The high numbers of mice found last summer everywhere around Hudson Valley, New York, might represent the main risk for a Lyme disease outbreak this summer, as reported by NPR.
Rick Ostfeld and Felicia Keesing, a local couple, have been studying the Lyme disease for more than 20 years. Now, they can predict when the disease may strike in any season. Ostfeld is an ecologist at the Carry Institute of Ecosystem Studies in Millbrook, while Keesing is an ecologist at the Bard College.
Last summer, they came home from a trip and found mouse droppings all over their household. Besides the dropping, they also found mice lying dead on their kitchen floor. This is when they knew that, next summer, the Lyme disease risk would be higher than usual.
The mouse plague of the summer of 2016 is the main signal of the imminent strike of the disease. However, how do they know that? The explanation is easier than you might think. Mice are one of the main transmitters of Lyme disease, since they infect 95 percent of the parasitic ticks that end up on them.
Then, these ticks might become parasites on humans, so there it goes a massive Lyme disease epidemic. So, a higher number of mice leads to a higher number of infected ticks and a higher number of cases of Lyme disease.
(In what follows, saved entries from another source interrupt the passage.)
(* Let $(A,\succ,\prec)$ be an anti-pre-Novikov algebra and $s=\sum_i a_i\otimes b_i\in A\otimes A$. For $\zeta,\eta\in A^*$: (a) $P(s):=s_{12}\circ s_{13}+s_{23}\odot s_{13}+s_{12}\prec s_{23}=0$ iff $T_{\tau(s)}(\zeta)\circ T_{\tau(s)}(\eta)=T_{\tau(s)}(L_{\odot}^*(T_s(\zeta))\eta+R_{\prec}^*(T_{\tau(s)}(\eta))\zeta)$ for all $\zeta,\eta$; (b) $P_1(s):=s_{12}\prec s_{13}-s_{13}\odot s_{23}+s_{12}\circ s_{23}=0$ iff $T_{\tau(s)}(\zeta)\prec T_{\tau(s)}(\eta)=T_{\tau(s)}(R_{\circ}^*(T_{\tau(s)}(\eta))\zeta-R_{\odot}^*(T_s(\zeta))\eta)$ for all $\zeta,\eta$; (c) $P_2(s):=s_{12}\succ s_{13}+s_{13}\star s_{23}-s_{12}\succ s_{23}=0$ iff $T_{\tau(s)}(\zeta)\succ T_{\tau(s)}(\eta)=T_{\tau(s)}(L_{\star}^*(T_s(\zeta))\eta-R_{\succ}^*(T_{\tau(s)}(\eta))\zeta)$ for all $\zeta,\eta$; (d) $P_3(s):=s_{13}\circ s_{23}-s_{13}\prec s_{12}-s_{12}\odot s_{23}=0$ iff $T_s(\zeta)\circ T_s(\eta)=T_s(-L_{\odot}^*(T_s(\zeta))\eta-R_{\prec}^*(T_{\tau(s)}(\eta))\zeta)$ for all $\zeta,\eta$; (e) $P_4(s):=s_{13}\circ s_{12}-s_{13}\prec s_{23}-s_{23}\odot s_{12}=0$ iff $T_s(\zeta)\prec T_s(\eta)=T_s(R_{\odot}^*(T_s(\zeta))\eta-R_{\circ}^*(T_{\tau(s)}(\eta))\zeta)$ for all $\zeta,\eta$; (f) $P_5(s):=s_{12}\star s_{23}-s_{13}\succ s_{12}-s_{13}\succ s_{23}=0$ iff $T_s(\zeta)\succ T_s(\eta)=T_s(R_{\succ}^*(T_{\tau(s)}(\eta))\zeta-L_{\star}^*(T_s(\zeta))\eta)$ for all $\zeta,\eta$.
   Context: $A$ is finite-dimensional over a field $k$. An anti-pre-Novikov algebra is $(A,\succ,\prec)$ such that with $x\circ y=x\succ y+x\prec y$: $(x\circ y-y\circ x)\succ z=y\succ(x\succ z)-x\succ(y\succ z)$; $x\prec(y\circ z)=(y\succ x)\prec z-(x\prec y)\prec z-y\succ(x\prec z)$; $(x\circ y)\succ z=-(x\succ z)\prec y$; $(x\prec y)\prec z=(x\prec z)\prec y$; $(x\circ y-y\circ x)\prec z=x\succ(y\circ z)-y\succ(x\circ z)$. Further $x\odot y=x\succ y+y\prec x$, $x\star y=x\circ y+y\circ x$. For an operation $\ast$, $L_\ast(x)y=x\ast y$, $R_\ast(x)y=y\ast x$; $L_{\star}=L_{\circ}+R_{\circ}$, $L_{\odot}=L_{\succ}+R_{\prec}$, $R_{\odot}=R_{\succ}+L_{\prec}$. For $f:A\to\mathrm{End}(A)$, $f^*(x)\in\mathrm{End}(A^* )$ is given by $\langle f^*(x)\zeta,y\rangle=-\langle\zeta,f(x)y\rangle$. $\tau(x\otimes y)=y\otimes x$. $T_s:A^*\to A$ is defined by $\langle T_s(\zeta),\eta\rangle=\langle s,\zeta\otimes\eta\rangle$. Tensor notation, for $s=\sum_i a_i\otimes b_i$ and an operation $\ast$ (sums over $i,j$): $s_{12}\ast s_{13}=\sum a_i\ast a_j\otimes b_i\otimes b_j$; $s_{13}\ast s_{12}=\sum a_i\ast a_j\otimes b_j\otimes b_i$; $s_{12}\ast s_{23}=\sum a_i\otimes b_i\ast a_j\otimes b_j$; $s_{13}\ast s_{23}=\sum a_i\otimes a_j\otimes b_i\ast b_j$; $s_{23}\ast s_{13}=\sum a_j\otimes a_i\otimes b_i\ast b_j$; $s_{23}\ast s_{12}=\sum a_j\otimes a_i\ast b_j\otimes b_i$. (General rule: $s_{pq}$ places $a_i$ in tensor slot $p$ and $b_i$ in slot $q$; the product is taken in the common slot, with the factor from the left term on the left.) *)

theory Defs
  imports Main "HOL-Library.Function_Algebras"
begin

text \<open>Coordinates: the finite-dimensional k-vector space A is k^n, modelled as
  functions 'n \<Rightarrow> 'k for a finite index type 'n; the dual A* is also 'n \<Rightarrow> 'k
  with the pairing below. An element
  s of A\<otimes>A is given as a finite list of pairs (a_i, b_i), s = sum a_i \<otimes> b_i.\<close>

definition pair :: "('n::finite \<Rightarrow> 'k::field) \<Rightarrow> ('n \<Rightarrow> 'k) \<Rightarrow> 'k" where
  "pair \<zeta> x = (\<Sum>i\<in>UNIV. \<zeta> i * x i)"

definition smul :: "'k::field \<Rightarrow> ('n \<Rightarrow> 'k) \<Rightarrow> ('n \<Rightarrow> 'k)" where
  "smul c v = (\<lambda>i. c * v i)"

definition bilinear_op :: "(('n \<Rightarrow> 'k::field) \<Rightarrow> ('n \<Rightarrow> 'k) \<Rightarrow> ('n \<Rightarrow> 'k)) \<Rightarrow> bool" where
  "bilinear_op f \<longleftrightarrow>
     (\<forall>x y z. f (x + y) z = f x z + f y z) \<and>
     (\<forall>x y z. f x (y + z) = f x y + f x z) \<and>
     (\<forall>c x y. f (smul c x) y = smul c (f x y)) \<and>
     (\<forall>c x y. f x (smul c y) = smul c (f x y))"

definition circ where "circ sc pc x y = sc x y + pc x y"
definition odot where "odot sc pc x y = sc x y + pc y x"
definition star where "star sc pc x y = circ sc pc x y + circ sc pc y x"

definition anti_pre_Novikov ::
  "(('n::finite \<Rightarrow> 'k::field) \<Rightarrow> ('n \<Rightarrow> 'k) \<Rightarrow> ('n \<Rightarrow> 'k)) \<Rightarrow>
   (('n \<Rightarrow> 'k) \<Rightarrow> ('n \<Rightarrow> 'k) \<Rightarrow> ('n \<Rightarrow> 'k)) \<Rightarrow> bool" where
  "anti_pre_Novikov sc pc \<longleftrightarrow> bilinear_op sc \<and> bilinear_op pc \<and>
    (\<forall>x y z. sc (circ sc pc x y - circ sc pc y x) z = sc y (sc x z) - sc x (sc y z)) \<and>
    (\<forall>x y z. pc x (circ sc pc y z) = pc (sc y x) z - pc (pc x y) z - sc y (pc x z)) \<and>
    (\<forall>x y z. sc (circ sc pc x y) z = - pc (sc x z) y) \<and>
    (\<forall>x y z. pc (pc x y) z = pc (pc x z) y) \<and>
    (\<forall>x y z. pc (circ sc pc x y - circ sc pc y x) z = sc x (circ sc pc y z) - sc y (circ sc pc x z))"

definition Lop where "Lop f x = (\<lambda>y. f x y)"
definition Rop where "Rop f x = (\<lambda>y. f y x)"

definition dualrep :: "(('n::finite \<Rightarrow> 'k::field) \<Rightarrow> ('n \<Rightarrow> 'k) \<Rightarrow> ('n \<Rightarrow> 'k)) \<Rightarrow>
    ('n \<Rightarrow> 'k) \<Rightarrow> ('n \<Rightarrow> 'k) \<Rightarrow> ('n \<Rightarrow> 'k)" where
  "dualrep f x \<zeta> = (THE \<xi>. \<forall>y. pair \<xi> y = - pair \<zeta> (f x y))"

text \<open>\<tau>(s) and T_s: \<langle>T_s(\<zeta>), \<eta>\<rangle> = \<langle>s, \<zeta> \<otimes> \<eta>\<rangle>.\<close>
definition tau :: "('a \<times> 'a) list \<Rightarrow> ('a \<times> 'a) list" where
  "tau ss = map (\<lambda>p. (snd p, fst p)) ss"

definition Tmap :: "(('n::finite \<Rightarrow> 'k::field) \<times> ('n \<Rightarrow> 'k)) list \<Rightarrow> ('n \<Rightarrow> 'k) \<Rightarrow> ('n \<Rightarrow> 'k)" where
  "Tmap ss \<zeta> = (THE x. \<forall>\<eta>. pair \<eta> x = (\<Sum>p\<leftarrow>ss. pair \<zeta> (fst p) * pair \<eta> (snd p)))"

type_synonym ('n,'k) t3 = "'n \<Rightarrow> 'n \<Rightarrow> 'n \<Rightarrow> 'k"

definition s12_13 :: "(('n \<Rightarrow> 'k::field) \<Rightarrow> ('n \<Rightarrow> 'k) \<Rightarrow> ('n \<Rightarrow> 'k)) \<Rightarrow> (('n \<Rightarrow> 'k) \<times> ('n \<Rightarrow> 'k)) list \<Rightarrow> ('n,'k) t3" where
  "s12_13 op ss = (\<lambda>x y z. \<Sum>p\<leftarrow>ss. \<Sum>q\<leftarrow>ss. op (fst p) (fst q) x * snd p y * snd q z)"
definition s13_12 :: "(('n \<Rightarrow> 'k::field) \<Rightarrow> ('n \<Rightarrow> 'k) \<Rightarrow> ('n \<Rightarrow> 'k)) \<Rightarrow> (('n \<Rightarrow> 'k) \<times> ('n \<Rightarrow> 'k)) list \<Rightarrow> ('n,'k) t3" where
  "s13_12 op ss = (\<lambda>x y z. \<Sum>p\<leftarrow>ss. \<Sum>q\<leftarrow>ss. op (fst p) (fst q) x * snd q y * snd p z)"
definition s12_23 :: "(('n \<Rightarrow> 'k::field) \<Rightarrow> ('n \<Rightarrow> 'k) \<Rightarrow> ('n \<Rightarrow> 'k)) \<Rightarrow> (('n \<Rightarrow> 'k) \<times> ('n \<Rightarrow> 'k)) list \<Rightarrow> ('n,'k) t3" where
  "s12_23 op ss = (\<lambda>x y z. \<Sum>p\<leftarrow>ss. \<Sum>q\<leftarrow>ss. fst p x * op (snd p) (fst q) y * snd q z)"
definition s13_23 :: "(('n \<Rightarrow> 'k::field) \<Rightarrow> ('n \<Rightarrow> 'k) \<Rightarrow> ('n \<Rightarrow> 'k)) \<Rightarrow> (('n \<Rightarrow> 'k) \<times> ('n \<Rightarrow> 'k)) list \<Rightarrow> ('n,'k) t3" where
  "s13_23 op ss = (\<lambda>x y z. \<Sum>p\<leftarrow>ss. \<Sum>q\<leftarrow>ss. fst p x * fst q y * op (snd p) (snd q) z)"
definition s23_13 :: "(('n \<Rightarrow> 'k::field) \<Rightarrow> ('n \<Rightarrow> 'k) \<Rightarrow> ('n \<Rightarrow> 'k)) \<Rightarrow> (('n \<Rightarrow> 'k) \<times> ('n \<Rightarrow> 'k)) list \<Rightarrow> ('n,'k) t3" where
  "s23_13 op ss = (\<lambda>x y z. \<Sum>p\<leftarrow>ss. \<Sum>q\<leftarrow>ss. fst q x * fst p y * op (snd p) (snd q) z)"
definition s23_12 :: "(('n \<Rightarrow> 'k::field) \<Rightarrow> ('n \<Rightarrow> 'k) \<Rightarrow> ('n \<Rightarrow> 'k)) \<Rightarrow> (('n \<Rightarrow> 'k) \<times> ('n \<Rightarrow> 'k)) list \<Rightarrow> ('n,'k) t3" where
  "s23_12 op ss = (\<lambda>x y z. \<Sum>p\<leftarrow>ss. \<Sum>q\<leftarrow>ss. fst q x * op (fst p) (snd q) y * snd p z)"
The officials warned that only one mouse might have up to 100 ticks stuck to its ears and face. Thus, they advised people to be careful not to come into contact with mice and ticks. Also, ticks are spreading to new living areas, as people have started building homes close to forests where many mice and ticks are found.
In the 1980s, Lyme disease could be found mainly in two areas. These areas were western Wisconsin and some parts from Connecticut and New Jersey. Today, the Centers for Disease Control and Prevention warned that the disease spread to 260 countries.
Lyme disease is quite a big health problem in the U.S., with 300,000 cases every year. CDC officials advise people to check themselves thoroughly for ticks and, if they find one, should remove it immediately.
It takes 24 hours for infection to spread. The first symptoms of Lyme disease are rash and fever. If you experience any of this after being bitten by a tick, go see a doctor immediately.